In April 2004 he wrote A Portrait of Detroit Mosques: Muslim Views on Policy, Politics and Religion, which interpreted the findings of a survey conducted by a Detroit-area Islamic organization, the Institute for Social Policy and Understanding. According to Bagby's reading of the data, "The vast majority of Muslim Americans hold 'moderate' views on issues of policy, politics and religion." In a newspaper interview, Bagby elaborated, stating that the results showed that "the mosque community is not a place of radicalism." But as scholar of Islam Daniel Pipes writes, Bagby's interpretation amounts to "a case of survey research being distorted by its sponsors to hide the actual results. This is intellectual fraud and political deception." In actuality, the survey found that among the Muslim respondents: fully two-thirds believed that "America is immoral"; approximately 90 percent favored universal health care; some 79 percent supported affirmative action for minorities; 81 percent advocated the application of Shari'a (Islamic law) in Muslim-majority nations; and 85 percent disapproved of President Bush's job performance, while only 4 percent approved.

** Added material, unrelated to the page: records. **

(* For every $k\ge2$ and every $n\ge1$, the families $\mathrm{SLT}_k$ and $\mathrm{RL}_n^V$ are incomparable (neither is contained in the other); likewise, for every $n\ge1$, $\mathrm{SLT}$ and $\mathrm{RL}_n^V$ are incomparable.
   Context: Strictly locally testable languages: let $V$ be an alphabet and $k\ge1$. For $B,I,E\subseteq V^k$ and $F\subseteq V^{\le k-1}$, $\mathrm{slt}(B,I,E,F)$ is the language over $V$ consisting of all words in $F$ together with all words $a_1\cdots a_n$ ($a_i\in V$, $n\ge k$) with $a_1\cdots a_k\in B$, $a_{j+1}\cdots a_{j+k}\in I$ for all $1\le j\le n-k-1$, and $a_{n-k+1}\cdots a_n\in E$. $\mathrm{SLT}_k$ is the family of languages of this form and $\mathrm{SLT}=\bigcup_{k\ge1}\mathrm{SLT}_k$. A right-linear grammar is $G=(N,T,P,S)$ with rules $A\to wB$ or $A\to w$ ($A,B\in N$, $w\in T^*$). For a regular language $L$, $\mathrm{Var}_{RL}(L)$ is the minimum of $|N|$ over all right-linear grammars generating $L$; $\mathrm{RL}_n^V=\{L\text{ regular}:\mathrm{Var}_{RL}(L)\le n\}$. *)

theory Defs
  imports Main
begin

text \<open>Letters are natural numbers (any finite alphabet embeds into nat);
  an alphabet is a finite set V of letters, words are lists.\<close>

type_synonym word = "nat list"
type_synonym language = "word set"

definition slt :: "nat set \<Rightarrow> nat \<Rightarrow> word set \<Rightarrow> word set \<Rightarrow> word set \<Rightarrow> word set \<Rightarrow> language" where
  "slt V k B I E F = F \<union>
     {w. w \<in> lists V \<and> length w \<ge> k \<and> take k w \<in> B
         \<and> (\<forall>j. 1 \<le> j \<and> j \<le> length w - k - 1 \<longrightarrow> take k (drop j w) \<in> I)
         \<and> drop (length w - k) w \<in> E}"

definition SLT_k :: "nat \<Rightarrow> language set" where
  "SLT_k k = {slt V k B I E F | V B I E F.
      finite V
      \<and> B \<subseteq> {w \<in> lists V. length w = k}
      \<and> I \<subseteq> {w \<in> lists V. length w = k}
      \<and> E \<subseteq> {w \<in> lists V. length w = k}
      \<and> F \<subseteq> {w \<in> lists V. length w \<le> k - 1}}"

In addition to his professorial duties and research ventures, Bagby is the imam of Jamaa'ah al-Taqwa, a mosque in Raleigh, North Carolina. He is also the General Secretary of the Muslim Alliance of North America (MANA), a predominantly African-American organization which: a) represents Muslims indigenous to the United States; b) is part of the American Muslim Task Force on Civil Rights and Elections, an umbrella group of Islamist organizations created to push issues important to the Muslim community into the November 2004 elections; c) is headed by Siraj Wahhaj, a suspected co-conspirator to the 1993 bombing of the World Trade Center; d) had its Director of Governmental Affairs, Johari Abdul Malik, compassionately describe Sheik Ahmed Yassin, then-leader of the terrorist group Hamas, as "a poor parapalegic in a wheelchair" at an April 2004 anti-Israel rally; and e) chose not to endorse or participate in the May 14, 2005 Free Muslims March Against Terror, an event whose stated purpose was to "send a message to the terrorists and extremists that their days are numbered . . . [and to send] a message to the people of the Middle East, the Muslim world and all people who seek freedom, democracy and peaceful coexistence that we support them."
Bagby is also a board member of the Council on American-Islamic Relations (CAIR), a Hamas spinoff; several CAIR leaders have been indicted for, and convicted of, terrorist activities. In 1996 CAIR co-founder Nihad Awad candidly declared, "I am in support of the Hamas movement." In 1998 CAIR co-sponsored a rally at Brooklyn College, where militant speakers advocated jihad and characterized Jews as "pigs and monkeys." In November 1999, CAIR board chairman Omar Ahmad supported Palestinian suicide bombers when he told a Chicago audience, "Fighting for freedom, fighting for Islam, that is not suicide. They kill themselves for Islam."
CAIR endorsed an October 22, 2002 National Day of Protest opposing the Patriot Act's "new set of repressive laws and restrictions on people," while supporting terrorists Lynne Stewart and Jose Padilla, and murderers Mumia Abu-Jamal, and Leonard Peltier - portraying them as American "political prisoners." In April 2005, Ghassan Elashi, who founded the Texas chapter of CAIR, was convicted of supporting terrorism by funneling money to a high-ranking Hamas official. Like MANA, CAIR chose not to endorse or participate in the May 14, 2005 Free Muslims March Against Terror. According to Middle East expert Stephen Schwartz, CAIR "is best described as a branch of the Saudi religious militia operating to impose Wahhabi conformity on American Islam. It is the most active and consistent promoter of extremism in the name of Islam now found the U.S. and Canada, an arm of the Saudi-Wahhabi establishment, partially funded by the Saudi government and rich Saudi subjects."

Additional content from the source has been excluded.